• _WORK REQUEST_
Look for "unfolding" in every line of the listing. Copy the lines that have it.

• _DATA_
lemma prob_card_eq_le_Un:
  assumes "finite A" "finite C" "A \<inter> C = {}" "A \<subseteq> I" "C \<subseteq> I" "x \<in> A \<union> C"
  shows "prob {\<omega> \<in> space coins. card {y \<in> A. \<omega> y} = card {y \<in> C. \<omega> y}} \<le> max (q x) (1 - q x)"
proof (cases "x \<in> A")
  case False
  then have "prob {\<omega> \<in> space coins. card {y \<in> C. \<omega> y} = card {y \<in> A. \<omega> y}} \<le> max (q x) (1 - q x)"
    using assms by (intro prob_card_eq_le) auto
  then show ?thesis by (simp add: eq_commute)
qed (use assms prob_card_eq_le in auto)

lemma null_sets_INT_card_eq:
  assumes disj: "disjoint_family (\<lambda>k. A k \<union> C k)"
    and AC: "\<And>k. finite (A k)" "\<And>k. finite (C k)" "\<And>k. A k \<inter> C k = {}"
      "\<And>k. A k \<union> C k \<subseteq> I"
    and x: "\<And>k. x k \<in> A k \<union> C k"
    and not_summable: "\<not> summable (\<lambda>k. min (q (x k)) (1 - q (x k)))"
  shows "(\<Inter>k. {\<omega> \<in> space coins. card {y \<in> A k. \<omega> y} = card {y \<in> C k. \<omega> y}}) \<in> null_sets coins"
proof -
  define Ev where "Ev k = {\<omega> \<in> space coins. card {y \<in> A k. \<omega> y} = card {y \<in> C k. \<omega> y}}" for k
  have det: "determined_by (A k \<union> C k) (\<lambda>\<omega>. card {y \<in> A k. \<omega> y} = card {y \<in> C k. \<omega> y})" for k
    by (rule determined_by_card) auto
  have fin: "finite (A k \<union> C k) \<and> A k \<union> C k \<subseteq> I" for k
    using AC by simp
  have "indep_events Ev UNIV"
    unfolding Ev_def using disj
  proof (rule indep_events_determined)
    show "finite (A k \<union> C k) \<and> A k \<union> C k \<subseteq> I" for k by (rule fin)
  qed (rule det)
  moreover have "\<not> summable (\<lambda>k. 1 - prob (Ev k))"
  proof
    assume "summable (\<lambda>k. 1 - prob (Ev k))"
    moreover have "norm (min (q (x k)) (1 - q (x k))) \<le> 1 - prob (Ev k)" for k
    proof -
      have "prob (Ev k) \<le> max (q (x k)) (1 - q (x k))"
        unfolding Ev_def using AC(4)[of k] by (intro prob_card_eq_le_Un[OF AC(1-3) _ _ x]) auto
      then show ?thesis using q_nonneg[of "x k"] q_le_1[of "x k"] by (auto simp: min_def max_def)
    qed
    ultimately have "summable (\<lambda>k. min (q (x k)) (1 - q (x k)))"
      by (rule summable_comparison_test'[where N = 0])
    with not_summable show False by contradiction
  qed
  ultimately have "prob (\<Inter>k. Ev k) = 0"
    by (rule prob_INT_eq_0_if_not_summable)
  moreover have "(\<Inter>k. Ev k) \<in> events"
  proof -
    have "Ev k \<in> events" for k
      unfolding Ev_def using fin[of k] by (intro determined_event_in_sets[OF _ _ det]) auto
    then show ?thesis by (intro sets.countable_INT) auto
  qed
  ultimately show ?thesis by (simp add: null_sets_def emeasure_eq_measure Ev_def)
qed

end

subsection \<open>Distinguishing two inequivalent vertices\<close>

lemma card_filter_diff_eq:
  assumes "finite X" "finite Y" "card {y \<in> X. P y} = card {y \<in> Y. P y}"
  shows "card {y \<in> X - Y. P y} = card {y \<in> Y - X. P y}"
proof -
  have split: "card {y \<in> S. P y} = card {y \<in> S - T. P y} + card {y \<in> S \<inter> T. P y}"
    if "finite S" for S T
  proof -
    have "{y \<in> S. P y} = {y \<in> S - T. P y} \<union> {y \<in> S \<inter> T. P y}" by auto
    moreover have "card ({y \<in> S - T. P y} \<union> {y \<in> S \<inter> T. P y})
        = card {y \<in> S - T. P y} + card {y \<in> S \<inter> T. P y}"
      using that by (intro card_Un_disjoint) auto
    ultimately show ?thesis by simp
  qed
  show ?thesis
    using assms(3) split[OF assms(1), of Y] split[OF assms(2), of X] by (simp add: Int_commute)
qed

context connected_locally_finite_graph
begin

lemma AE_card_blue_gball_differ:
  assumes v0: "v0 \<in> V" and p: "\<And>n. 0 \<le> p n \<and> p n \<le> 1" and dec: "decseq p"
    and lim: "p \<longlonglongrightarrow> 0" and not_summable: "\<not> summable p"
    and u: "u \<in> V" and w: "w \<in> V" and not_equiv: "\<not> ball_equiv V E u w"
  shows "AE l in random_coloring V E v0 p.
    \<exists>R. card {y \<in> gball V E u R. l y} \<noteq> card {y \<in> gball V E w R. l y}"
proof -
  interpret independent_coins V "\<lambda>x. p (gdist E v0 x)"
    using p by unfold_locales auto
  have coloring: "random_coloring V E v0 p = coins"
    by (simp add: random_coloring_def coin_def[abs_def])
  define D where "D = gdist E u w"
  have D: "1 \<le> D"
    using not_equiv gdist_eq_0_iff[OF u w] by (fastforce simp: D_def ball_equiv_def)
  obtain N where N: "\<And>n. N \<le> n \<Longrightarrow> p n < 1/2"
    using order_tendstoD(2)[OF lim, of "1/2"] by (auto simp: eventually_sequentially)
  define k\<^sub>0 where "k\<^sub>0 = N + gdist E v0 u"
  \<comment> \<open>the shift by \<open>k\<^sub>0\<close> moves every shell beyond distance \<open>N\<close> from \<open>v0\<close>, where \<open>p < 1/2\<close>\<close>
  define c where "c = gdist E v0 u + D + k\<^sub>0 * D"
  define A where "A k = gball V E u ((k + k\<^sub>0) * D) - gball V E w ((k + k\<^sub>0) * D)" for k
  define C where "C k = gball V E w ((k + k\<^sub>0) * D) - gball V E u ((k + k\<^sub>0) * D)" for k
  have shell: "A k \<union> C k = shell u w ((k + k\<^sub>0) * D)" for k
    by (simp add: shell_def A_def C_def)
  have "\<forall>k. \<exists>y. y \<in> A k \<union> C k"
    using not_equiv by (auto simp: A_def C_def ball_equiv_def)
  then obtain x where x: "\<And>k. x k \<in> A k \<union> C k" by (metis choice)
  have bound: "norm (p (c + k * D)) \<le> min (p (gdist E v0 (x k))) (1 - p (gdist E v0 (x k)))" for k
  proof -
    have x_shell: "x k \<in> shell u w ((k + k\<^sub>0) * gdist E u w)"
      using x[of k] by (simp add: shell D_def)
    then have "N \<le> gdist E v0 (x k)" "gdist E v0 (x k) \<le> c + k * D"
      using gdist_shell_bounds[OF u w v0 D[unfolded D_def] x_shell]
      by (simp_all add: k\<^sub>0_def c_def D_def algebra_simps)
    then have "p (gdist E v0 (x k)) < 1/2" "p (c + k * D) \<le> p (gdist E v0 (x k))"
      using N dec by (auto simp: decseq_def)
    moreover have "0 \<le> p (c + k * D)" using p by simp
    ultimately show ?thesis by (simp add: min_def)
  qed
  have "\<not> summable (\<lambda>k. min (p (gdist E v0 (x k))) (1 - p (gdist E v0 (x k))))"
  proof
    assume "summable (\<lambda>k. min (p (gdist E v0 (x k))) (1 - p (gdist E v0 (x k))))"
    then have "summable (\<lambda>k. p (c + k * D))"
      by (rule summable_comparison_test') (rule bound)
    moreover have "\<not> summable (\<lambda>k. p (c + k * D))"
      using p by (intro not_summable_arith_progression[OF dec _ not_summable D]) auto
    ultimately show False by contradiction
  qed
  moreover have "disjoint_family (\<lambda>k. A k \<union> C k)"
    unfolding shell D_def using u w by (rule disjoint_family_shell)
  moreover have "finite (A k)" "finite (C k)" "A k \<inter> C k = {}" "A k \<union> C k \<subseteq> V" for k
    using finite_gball[OF u] finite_gball[OF w] by (auto simp: A_def C_def gball_def)
  ultimately have null: "(\<Inter>k. {l \<in> space coins. card {y \<in> A k. l y} = card {y \<in> C k. l y}})
      \<in> null_sets coins"
    using x by (intro null_sets_INT_card_eq) auto
  have "card {y \<in> A k. l y} = card {y \<in> C k. l y}"
    if "\<forall>R. card {y \<in> gball V E u R. l y} = card {y \<in> gball V E w R. l y}" for l k
    using that card_filter_diff_eq[OF finite_gball[OF u] finite_gball[OF w]] by (simp add: A_def C_def)
  with null show ?thesis unfolding coloring by (intro AE_I') auto
qed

• _EXPECTED ANSWER_
    unfolding Ev_def using disj
        unfolding Ev_def using AC(4)[of k] by (intro prob_card_eq_le_Un[OF AC(1-3) _ _ x]) auto
      unfolding Ev_def using fin[of k] by (intro determined_event_in_sets[OF _ _ det]) auto
    unfolding shell D_def using u w by (rule disjoint_family_shell)
  with null show ?thesis unfolding coloring by (intro AE_I') auto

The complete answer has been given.